text \<open>VPSDE coefficients, given alpha and its derivative alpha'
  (so that d log alpha / dt = alpha' t / alpha t).\<close>

definition vp_F :: "(real \<Rightarrow> real) \<Rightarrow> (real \<Rightarrow> real) \<Rightarrow> real \<Rightarrow> real^'n^'n" where
  "vp_F \<alpha> \<alpha>' t = ((1/2) * (\<alpha>' t / \<alpha> t)) *\<^sub>R mat 1"

definition vp_G :: "(real \<Rightarrow> real) \<Rightarrow> (real \<Rightarrow> real) \<Rightarrow> real \<Rightarrow> real^'n^'n" where
  "vp_G \<alpha> \<alpha>' t = sqrt (- (\<alpha>' t / \<alpha> t)) *\<^sub>R mat 1"

definition vp_L :: "(real \<Rightarrow> real) \<Rightarrow> real \<Rightarrow> real^'n^'n" where
  "vp_L \<alpha> t = sqrt (1 - \<alpha> t) *\<^sub>R mat 1"

end

theory Submission
  imports Defs
begin

text \<open>The drift \<open>F\<close> of the VPSDE is a scalar multiple of the identity, so the transition
  matrix is scalar too: \<open>\<Psi> r s = sqrt (\<alpha> r / \<alpha> s) I\<close>, the unique solution of a scalar linear ODE.
  With it, the integrand of the exponential integrator is \<open>sqrt (\<alpha> (t - \<Delta>t))\<close> times the
  derivative of \<open>\<tau> \<mapsto> sqrt ((1 - \<alpha> \<tau>) / \<alpha> \<tau>)\<close>, so the fundamental theorem of calculus
  evaluates the integral in closed form, and the result is the DDIM coefficient.\<close>

lemma matrix_inv_unique:
  fixes A :: "'a::semiring_1^'n^'m" and B :: "'a^'m^'n"
  assumes AB: "A ** B = mat 1" and BA: "B ** A = mat 1"
  shows "matrix_inv A = B"
proof -
  have inverse_eq_B: "C = B" if "A ** C = mat 1 \<and> C ** A = mat 1" for C
  proof -
    have "C = C ** (A ** B)" by (simp add: AB)
    also have "\<dots> = (C ** A) ** B" by (simp add: matrix_mul_assoc)
    finally show ?thesis using that by simp
  qed
  have "A ** matrix_inv A = mat 1 \<and> matrix_inv A ** A = mat 1"
    unfolding matrix_inv_def by (rule someI[of _ B]) (simp add: AB BA)
  then show ?thesis by (rule inverse_eq_B)
qed

lemma matrix_inv_scaleR_mat_1:
  assumes "c \<noteq> 0"
  shows "matrix_inv (c *\<^sub>R (mat 1 :: 'a::real_algebra_1^'n^'n)) = inverse c *\<^sub>R mat 1"
  using assms by (intro matrix_inv_unique) (simp_all add: matrix_scalar_ac flip: scalar_matrix_assoc)

lemma has_real_derivative_nonpos_if_antimono_on:
  assumes antimono: "antimono_on S f"
    and deriv: "(f has_real_derivative D) (at x within S)"
    and "x \<in> S" and nontrivial: "at x within S \<noteq> bot"
  shows "D \<le> 0"
proof (rule tendsto_upperbound)
  show "((\<lambda>y. (f y - f x) / (y - x)) \<longlongrightarrow> D) (at x within S)"
    using deriv by (simp add: has_field_derivative_iff)
  have "(f y - f x) / (y - x) \<le> 0" if "y \<in> S" for y
  proof (cases y x rule: linorder_cases)
    case less
    then have "f x \<le> f y" using monotone_onD[OF antimono that \<open>x \<in> S\<close>] by simp
    with less show ?thesis by (intro divide_nonneg_neg) auto
  next
    case greater
    then have "f y \<le> f x" using monotone_onD[OF antimono \<open>x \<in> S\<close> that] by simp
    with greater show ?thesis by (intro divide_nonpos_pos) auto
  qed simp
  then show "\<forall>\<^sub>F y in at x within S. (f y - f x) / (y - x) \<le> 0"
    by (simp add: eventually_at_filter)
qed (fact nontrivial)
(* Let $T:\mathcal{S}_n\to\mathcal{S}_n$ be a bijective isometry with respect to the Hausdorff distance, and let $(K_0,K_1)$ be an $\mathcal{S}_n$-cute pair. Then $(TK_0,TK_1)$ is an $\mathcal{S}_n$-cute pair, and moreover $T\left(\tfrac12 K_0+\tfrac12 K_1\right)=\tfrac12\left(T(K_0)+T(K_1)\right)$.
   Context: Convex bodies are compact convex non-empty subsets of $\mathbb{R}^n$; $B_2^n$ is the closed Euclidean unit ball; $\delta$ is the Hausdorff distance $\delta(K_0,K_1)=\inf\{\lambda>0: K_0\subseteq K_1+\lambda B_2^n,\ K_1\subseteq K_0+\lambda B_2^n\}$. $\mathcal{S}_n$ is the set of convex bodies in $\mathbb{R}^n$ which are intersections of Euclidean unit balls. A pair $(K_0,K_1)\in\mathcal{S}_n\times\mathcal{S}_n$ is called $\mathcal{S}_n$-cute if $M=\frac{K_0+K_1}{2}$ (Minkowski average, which lies in $\mathcal{S}_n$) is the unique body in $\mathcal{S}_n$ satisfying $\delta(K_0,M)=\frac12\delta(K_0,K_1)$ and $\delta(K_1,M)=\frac12\delta(K_0,K_1)$. *)

theory Defs
  imports "HOL-Analysis.Analysis"
begin

definition convex_body :: "'a::euclidean_space set \<Rightarrow> bool" where
  "convex_body K \<longleftrightarrow> compact K \<and> convex K \<and> K \<noteq> {}"

definition ball_bodies :: "'a::euclidean_space set set" where
  "ball_bodies = {K. convex_body K \<and> (\<exists>X. K = (\<Inter>x\<in>X. cball x 1))}"

definition mink_avg :: "'a::euclidean_space set \<Rightarrow> 'a set \<Rightarrow> 'a set" where
  "mink_avg K0 K1 = (\<lambda>z. (1/2::real) *\<^sub>R z) ` {a + b | a b. a \<in> K0 \<and> b \<in> K1}"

What you will do:
From the first line of the listing above to the line with "unfolding matrix_inv_def by", please transcribe each line exactly, both ends included, and nothing beyond that.

Written solution:
text \<open>VPSDE coefficients, given alpha and its derivative alpha'
  (so that d log alpha / dt = alpha' t / alpha t).\<close>

definition vp_F :: "(real \<Rightarrow> real) \<Rightarrow> (real \<Rightarrow> real) \<Rightarrow> real \<Rightarrow> real^'n^'n" where
  "vp_F \<alpha> \<alpha>' t = ((1/2) * (\<alpha>' t / \<alpha> t)) *\<^sub>R mat 1"

definition vp_G :: "(real \<Rightarrow> real) \<Rightarrow> (real \<Rightarrow> real) \<Rightarrow> real \<Rightarrow> real^'n^'n" where
  "vp_G \<alpha> \<alpha>' t = sqrt (- (\<alpha>' t / \<alpha> t)) *\<^sub>R mat 1"

definition vp_L :: "(real \<Rightarrow> real) \<Rightarrow> real \<Rightarrow> real^'n^'n" where
  "vp_L \<alpha> t = sqrt (1 - \<alpha> t) *\<^sub>R mat 1"

end

theory Submission
  imports Defs
begin

text \<open>The drift \<open>F\<close> of the VPSDE is a scalar multiple of the identity, so the transition
  matrix is scalar too: \<open>\<Psi> r s = sqrt (\<alpha> r / \<alpha> s) I\<close>, the unique solution of a scalar linear ODE.
  With it, the integrand of the exponential integrator is \<open>sqrt (\<alpha> (t - \<Delta>t))\<close> times the
  derivative of \<open>\<tau> \<mapsto> sqrt ((1 - \<alpha> \<tau>) / \<alpha> \<tau>)\<close>, so the fundamental theorem of calculus
  evaluates the integral in closed form, and the result is the DDIM coefficient.\<close>

lemma matrix_inv_unique:
  fixes A :: "'a::semiring_1^'n^'m" and B :: "'a^'m^'n"
  assumes AB: "A ** B = mat 1" and BA: "B ** A = mat 1"
  shows "matrix_inv A = B"
proof -
  have inverse_eq_B: "C = B" if "A ** C = mat 1 \<and> C ** A = mat 1" for C
  proof -
    have "C = C ** (A ** B)" by (simp add: AB)
    also have "\<dots> = (C ** A) ** B" by (simp add: matrix_mul_assoc)
    finally show ?thesis using that by simp
  qed
  have "A ** matrix_inv A = mat 1 \<and> matrix_inv A ** A = mat 1"
    unfolding matrix_inv_def by (rule someI[of _ B]) (simp add: AB BA)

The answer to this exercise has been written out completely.